- **TO DO**
Among the lines below, take the one holding "n \<le> wall_offset", the one holding "by (metis shift_def)", and all lines between them. Set them down exactly.

- **SUPPLIED INFORMATION**
lemma wall_length_antimono: "is_wall d r w \<Longrightarrow> m \<le> n \<Longrightarrow> length (w n) \<le> length (w m)"
  by (simp add: is_wall_def)

lemma wall_offset_mono:
  assumes "is_wall d r w" "m \<le> n"
  shows "wall_offset w a m \<le> wall_offset w a n"
  using wall_length_antimono[OF assms] unfolding wall_offset_def half_up_def
  by (simp add: zdiv_mono1)

lemma wall_end_antimono:
  assumes "is_wall d r w" "m \<le> n"
  shows "wall_offset w a n + int (length (w n)) \<le> wall_offset w a m + int (length (w m))"
  using wall_length_antimono[OF assms] unfolding wall_offset_def half_up_def
  by presburger

lemma wall_nonempty: "is_wall d r w \<Longrightarrow> w n \<noteq> []"
  by (simp add: is_wall_def)

lemma brick_length_le_wall_length:
  assumes "is_wall d r w" "is_brick w b"
  shows "length b \<le> length (w n)"
proof -
  obtain p n0 where "1 \<le> p" and brick: "\<And>j. w (p * j + n0) = b"
    using assms(2) unfolding is_brick_def by blast
  then have "n \<le> p * n + n0" by (simp add: trans_le_add1)
  then show ?thesis using wall_length_antimono[OF assms(1)] brick by metis
qed

lemma ca_agree_between_walls:
  assumes wl: "is_wall d r wl" and wr: "is_wall d r wr"
    and long: "\<And>n. r \<le> length (wl n)" "\<And>n. r \<le> length (wr n)"
    and c: "c \<in> cyl (wl 0) a" "c \<in> cyl (wr 0) b"
    and c': "c' \<in> cyl (wl 0) a" "c' \<in> cyl (wr 0) b"
    and agree: "\<And>i. a \<le> i \<Longrightarrow> i < b + int (length (wr 0)) \<Longrightarrow> c i = c' i"
  shows "wall_offset wl a n \<le> i \<Longrightarrow> i < wall_offset wr b n + int (length (wr n)) \<Longrightarrow>
    (ca_global d r ^^ n) c i = (ca_global d r ^^ n) c' i"
proof (induction n arbitrary: i)
  case 0
  then show ?case using agree by (simp add: wall_offset_def)
next
  case (Suc n)
  let ?F = "ca_global d r"
  consider (left) "i < wall_offset wl a (Suc n) + int (length (wl (Suc n)))"
    | (right) "wall_offset wr b (Suc n) \<le> i"
    | (middle) "wall_offset wl a (Suc n) + int (length (wl (Suc n))) \<le> i"
        "i < wall_offset wr b (Suc n)"
    by linarith
  then show ?case
  proof cases
    case left
    then show ?thesis
      using Suc.prems cyl_agree wall_in_cyl[OF wl c(1)] wall_in_cyl[OF wl c'(1)] by blast
  next
    case right
    then show ?thesis
      using Suc.prems cyl_agree wall_in_cyl[OF wr c(2)] wall_in_cyl[OF wr c'(2)] by blast
  next
    case middle
    \<comment> \<open>walls are at least r wide, so the neighbourhood of i
      lies in the previous segment\<close>
    have "?F ((?F ^^ n) c) i = ?F ((?F ^^ n) c') i"
    proof (rule ca_global_local)
      fix j assume "i - int r \<le> j" "j \<le> i + int r"
      moreover have "wall_offset wl a n \<le> wall_offset wl a (Suc n)"
        using wall_offset_mono[OF wl] by simp
      moreover have "wall_offset wr b (Suc n) + int (length (wr (Suc n))) \<le>
          wall_offset wr b n + int (length (wr n))"
        using wall_end_antimono[OF wr] by simp
      ultimately show "(?F ^^ n) c j = (?F ^^ n) c' j"
        using middle long[of "Suc n"] by (intro Suc.IH) linarith+
    qed
    then show ?thesis by simp
  qed
qed

lemma shift_periodic_add_mult:
  assumes "shift p c = c"
  shows "c (i + z * p) = c i"
proof (induction z arbitrary: i rule: int_induct[where k = 0])
  case base
  then show ?case by simp
next
  case (step1 z)
  have "c (i + (z + 1) * p) = c ((i + p) + z * p)" by (simp add: algebra_simps)
  also have "\<dots> = c i" using step1.IH assms by (simp add: shift_def fun_eq_iff)
  finally show ?case .
next
  case (step2 z)
  have "c (i + (z - 1) * p) = c ((i - p) + z * p)" by (simp add: algebra_simps)
  also have "\<dots> = c (i - p + p)" using step2.IH assms by (metis shift_def)
  finally show ?case by simp
qed

lemma shift_periodic_mod: "shift p c = c \<Longrightarrow> c (i mod p) = c i"
  using shift_periodic_add_mult[of p c "i mod p" "i div p"] by simp

lemma finite_shift_periodic:
  assumes "0 < W"
  shows "finite {c :: int \<Rightarrow> 'q::finite. shift (int W) c = c}"
proof -
  let ?P = "{c :: int \<Rightarrow> 'q. shift (int W) c = c}"
  let ?period = "\<lambda>c :: int \<Rightarrow> 'q. map (\<lambda>j. c (int j)) [0..<W]"
  have "inj_on ?period ?P"
  proof (rule inj_onI)
    fix c c' assume "c \<in> ?P" "c' \<in> ?P" and eq: "?period c = ?period c'"
    show "c = c'"
    proof
      fix i
      define k where "k = nat (i mod int W)"
      have "k < W" "int k = i mod int W" using assms by (auto simp: k_def nat_less_iff)
      then have "c (i mod int W) = c' (i mod int W)"
        using arg_cong[OF eq, of "\<lambda>xs. xs ! k"] by simp
      then show "c i = c' i"
        using \<open>c \<in> ?P\<close> \<open>c' \<in> ?P\<close> by (simp add: shift_periodic_mod)
    qed
  qed
  moreover have "?period ` ?P \<subseteq> {xs. length xs = W}" by auto
  ultimately show ?thesis
    using finite_lists_length_eq[of "UNIV :: 'q set" W] by (simp add: inj_on_finite)
qed

lemma periodic_orbit_repeats:
  fixes c :: "int \<Rightarrow> 'q::finite"
  assumes "shift (int W) c = c" "0 < W"
  obtains a b where "a < b" "(ca_global d r ^^ a) c = (ca_global d r ^^ b) c"
proof -
  let ?orbit = "\<lambda>n. (ca_global d r ^^ n) c"
  have "range ?orbit \<subseteq> {c. shift (int W) c = c}"
    using assms(1) by (auto simp: funpow_ca_global_shift[symmetric])
  then have "finite (range ?orbit)"
    using finite_shift_periodic[OF assms(2)] by (rule finite_subset)
  then have "\<not> inj ?orbit" using finite_imageD by blast
  then obtain a b where "a \<noteq> b" "?orbit a = ?orbit b" unfolding inj_def by blast
  then show ?thesis using that by (metis linorder_neqE_nat)
qed

definition periodic_ext :: "'q list \<Rightarrow> int \<Rightarrow> int \<Rightarrow> 'q" where
  "periodic_ext v p i = v ! nat ((i - p) mod int (length v))"

lemma periodic_ext_in_cyl: "v \<noteq> [] \<Longrightarrow> periodic_ext v p \<in> cyl v p"
  by (simp add: periodic_ext_def cyl_def)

- **ANSWER BOX**
      moreover have "wall_offset wl a n \<le> wall_offset wl a (Suc n)"
        using wall_offset_mono[OF wl] by simp
      moreover have "wall_offset wr b (Suc n) + int (length (wr (Suc n))) \<le>
          wall_offset wr b n + int (length (wr n))"
        using wall_end_antimono[OF wr] by simp
      ultimately show "(?F ^^ n) c j = (?F ^^ n) c' j"
        using middle long[of "Suc n"] by (intro Suc.IH) linarith+
    qed
    then show ?thesis by simp
  qed
qed

lemma shift_periodic_add_mult:
  assumes "shift p c = c"
  shows "c (i + z * p) = c i"
proof (induction z arbitrary: i rule: int_induct[where k = 0])
  case base
  then show ?case by simp
next
  case (step1 z)
  have "c (i + (z + 1) * p) = c ((i + p) + z * p)" by (simp add: algebra_simps)
  also have "\<dots> = c i" using step1.IH assms by (simp add: shift_def fun_eq_iff)
  finally show ?case .
next
  case (step2 z)
  have "c (i + (z - 1) * p) = c ((i - p) + z * p)" by (simp add: algebra_simps)
  also have "\<dots> = c (i - p + p)" using step2.IH assms by (metis shift_def)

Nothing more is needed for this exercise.